lemma bij_rho: "bij_betw (rho g s q e) {..<q ^ s} UNIV"
proof (rule bij_betw_byWitness[where f' = rank])
  show "\<forall>j\<in>{..<q ^ s}. rank (rho g s q e j) = j"
    using bij_rank rho_rank unfolding bij_betw_def by (metis imageE)
qed (use bij_rank rho_rank in \<open>auto simp: bij_betw_def\<close>)

section \<open>Weights of codewords\<close>

lemma image_linear_form:
  assumes "\<exists>r<k. a r \<noteq> 0"
  obtains m where "m < s" "linear_form a k ` supported_below k = {y. g ^ m dvd y}"
proof -
  obtain r0 where "r0 < k" and r0_min: "\<And>r. r < k \<Longrightarrow> val g (a r0) \<le> val g (a r)"
    using ex_is_arg_min_if_finite[of "{..<k}" "\<lambda>r. val g (a r)"] assms
    by (auto simp: is_arg_min_linorder)
  have "a r0 \<noteq> 0"
  proof
    assume "a r0 = 0"
    then have "val g (a r0) = \<infinity>"
      by (simp add: val_eq_infinity_iff)
    obtain r1 where "r1 < k" "a r1 \<noteq> 0"
      using assms by blast
    with r0_min[OF \<open>r1 < k\<close>] \<open>val g (a r0) = \<infinity>\<close> show False
      by (simp add: val_eq_infinity_iff)
  qed
  then obtain m u where "m < s" "u dvd 1" and a_r0: "a r0 = g ^ m * u"
    using ex_pow_mult_unit by blast
  then have "val g (a r0) = enat m"
    using val_pow_mult_unit by simp
  then have dvd_a: "g ^ m dvd a r" if "r < k" for r
    using r0_min[OF that] by (simp add: pow_dvd_iff_val)
  have "linear_form a k ` supported_below k = {y. g ^ m dvd y}"
  proof (intro equalityI subsetI)
    fix y
    assume "y \<in> linear_form a k ` supported_below k"
    then obtain x where "y = linear_form a k x"
      by blast
    moreover have "g ^ m dvd linear_form a k x"
      unfolding linear_form_def by (rule dvd_sum) (simp add: dvd_a dvd_mult2)
    ultimately show "y \<in> {y. g ^ m dvd y}"
      by simp
  next
    fix y
    assume "y \<in> {y. g ^ m dvd y}"
    then obtain t where t: "y = g ^ m * t"
      by (auto elim: dvdE)
    obtain v where v: "1 = u * v"
      using \<open>u dvd 1\<close> by (rule dvdE)
    define x where "x r = (if r = r0 then v * t else 0)" for r
    have "x \<in> supported_below k"
      using \<open>r0 < k\<close> by (simp add: supported_below_def x_def)
    have "linear_form a k x = a r0 * (v * t)"
      using \<open>r0 < k\<close> by (simp add: linear_form_def x_def if_distrib cong: if_cong)
    also have "\<dots> = g ^ m * (u * v) * t"
      by (simp add: a_r0 mult_ac)
    also have "\<dots> = y"
      by (simp add: t flip: v)
    finally show "y \<in> linear_form a k ` supported_below k"
      using \<open>x \<in> supported_below k\<close> by (intro rev_image_eqI[of x]) simp_all
  qed
  with \<open>m < s\<close> show ?thesis
    using that by blast
qed

lemma card_supported_below: "card (supported_below k :: (nat \<Rightarrow> 'a) set) = q ^ (s * k)"
  using bij_betw_same_card[OF bij_genmat_columns[OF bij_rho, of k]] by (simp add: power_mult)

lemma card_nonzero_linear_form:
  assumes "1 \<le> k" "m < s" "linear_form a k ` supported_below k = {y. g ^ m dvd y}"
  shows "card {x \<in> supported_below k. linear_form a k x \<noteq> 0} = q ^ (s * k) - q ^ (m + s * (k - 1))"
proof -
  let ?V = "supported_below k :: (nat \<Rightarrow> 'a) set"
  let ?K = "{x \<in> ?V. linear_form a k x = 0}"
  have "finite ?V"
    using card_supported_below q_pos card_ge_0_finite by (metis zero_less_power)
  have "q ^ (s - m) * card ?K = q ^ (s - m) * q ^ (m + s * (k - 1))"
  proof -
    have "q ^ (s - m) * card ?K = q ^ (s * k)"
      using card_eq_card_image_mult_card_kernel[OF \<open>finite ?V\<close>, of "linear_form a k"]
        assms(2,3) card_supported_below card_ideal
      by (simp add: supported_below_def linear_form_def sum.distrib distrib_left)
    also have "\<dots> = q ^ (s - m + (m + s * (k - 1)))"
      using assms(1,2) by (cases k) (auto simp: algebra_simps)
    finally show ?thesis
      by (simp add: power_add)
  qed
  then have "card ?K = q ^ (m + s * (k - 1))"
    using q_pos by simp
  moreover have "{x \<in> ?V. linear_form a k x \<noteq> 0} = ?V - ?K"
    by blast
  ultimately show ?thesis
    using card_supported_below \<open>finite ?V\<close> by (simp add: card_Diff_subset)
qed

end

theorem corollary3p10:
  fixes g :: "'a::{comm_ring_1,finite}" and s q k :: nat and e :: "nat \<Rightarrow> 'a"
    and c :: "'a list"
  assumes "chain_ring_setup g s q e"
    and "k \<ge> 1"
    and "c \<in> code g s q e k"
    and "c \<noteq> replicate (q ^ (s * k)) 0"
  shows "hamming_weight c = q ^ (s * k) - q ^ (the_enat (val_vec g c) + s * (k - 1))"
proof -
  interpret chain_ring g s q e
    by (rule chain_ring.intro) fact
  let ?column = "\<lambda>i r. genmat g s q e k r i"
  obtain a where c: "c = map (\<lambda>i. linear_form a k (?column i)) [0..<q ^ (s * k)]"
    using assms(3) unfolding code_def linear_form_def by blast
  have columns: "bij_betw ?column {..<q ^ (s * k)} (supported_below k)"
    using bij_genmat_columns[OF bij_rho] by (simp add: power_mult)
  have "\<exists>r<k. a r \<noteq> 0"
  proof (rule ccontr)
    assume "\<not> (\<exists>r<k. a r \<noteq> 0)"
    with c have "c = map (\<lambda>_. 0) [0..<q ^ (s * k)]"
      by (simp add: linear_form_def)
    with assms(4) show False
      by (simp add: map_replicate_const)
  qed
  then obtain m where "m < s" and image: "linear_form a k ` supported_below k = {y. g ^ m dvd y}"
    using image_linear_form by blast
  have "set c = {y. g ^ m dvd y}"
    using set_map_bij[OF columns, of "linear_form a k"] c image by simp
  then have "val_vec g c = enat m"
    using INF_val_ideal[OF \<open>m < s\<close>] by (simp add: val_vec_def)
  moreover have "hamming_weight c = card {x \<in> supported_below k. linear_form a k x \<noteq> 0}"
    using hamming_weight_map_bij[OF columns] c by simp
  ultimately show ?thesis
    using card_nonzero_linear_form[OF assms(2) \<open>m < s\<close> image] by simp
qed

end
********
◆ Task to carry out
Quote in full each line from the top of the records above through the line with "using \<open>u dvd"; stop after that line.

◆ Solution below
lemma bij_rho: "bij_betw (rho g s q e) {..<q ^ s} UNIV"
proof (rule bij_betw_byWitness[where f' = rank])
  show "\<forall>j\<in>{..<q ^ s}. rank (rho g s q e j) = j"
    using bij_rank rho_rank unfolding bij_betw_def by (metis imageE)
qed (use bij_rank rho_rank in \<open>auto simp: bij_betw_def\<close>)

section \<open>Weights of codewords\<close>

lemma image_linear_form:
  assumes "\<exists>r<k. a r \<noteq> 0"
  obtains m where "m < s" "linear_form a k ` supported_below k = {y. g ^ m dvd y}"
proof -
  obtain r0 where "r0 < k" and r0_min: "\<And>r. r < k \<Longrightarrow> val g (a r0) \<le> val g (a r)"
    using ex_is_arg_min_if_finite[of "{..<k}" "\<lambda>r. val g (a r)"] assms
    by (auto simp: is_arg_min_linorder)
  have "a r0 \<noteq> 0"
  proof
    assume "a r0 = 0"
    then have "val g (a r0) = \<infinity>"
      by (simp add: val_eq_infinity_iff)
    obtain r1 where "r1 < k" "a r1 \<noteq> 0"
      using assms by blast
    with r0_min[OF \<open>r1 < k\<close>] \<open>val g (a r0) = \<infinity>\<close> show False
      by (simp add: val_eq_infinity_iff)
  qed
  then obtain m u where "m < s" "u dvd 1" and a_r0: "a r0 = g ^ m * u"
    using ex_pow_mult_unit by blast
  then have "val g (a r0) = enat m"
    using val_pow_mult_unit by simp
  then have dvd_a: "g ^ m dvd a r" if "r < k" for r
    using r0_min[OF that] by (simp add: pow_dvd_iff_val)
  have "linear_form a k ` supported_below k = {y. g ^ m dvd y}"
  proof (intro equalityI subsetI)
    fix y
    assume "y \<in> linear_form a k ` supported_below k"
    then obtain x where "y = linear_form a k x"
      by blast
    moreover have "g ^ m dvd linear_form a k x"
      unfolding linear_form_def by (rule dvd_sum) (simp add: dvd_a dvd_mult2)
    ultimately show "y \<in> {y. g ^ m dvd y}"
      by simp
  next
    fix y
    assume "y \<in> {y. g ^ m dvd y}"
    then obtain t where t: "y = g ^ m * t"
      by (auto elim: dvdE)
    obtain v where v: "1 = u * v"
      using \<open>u dvd 1\<close> by (rule dvdE)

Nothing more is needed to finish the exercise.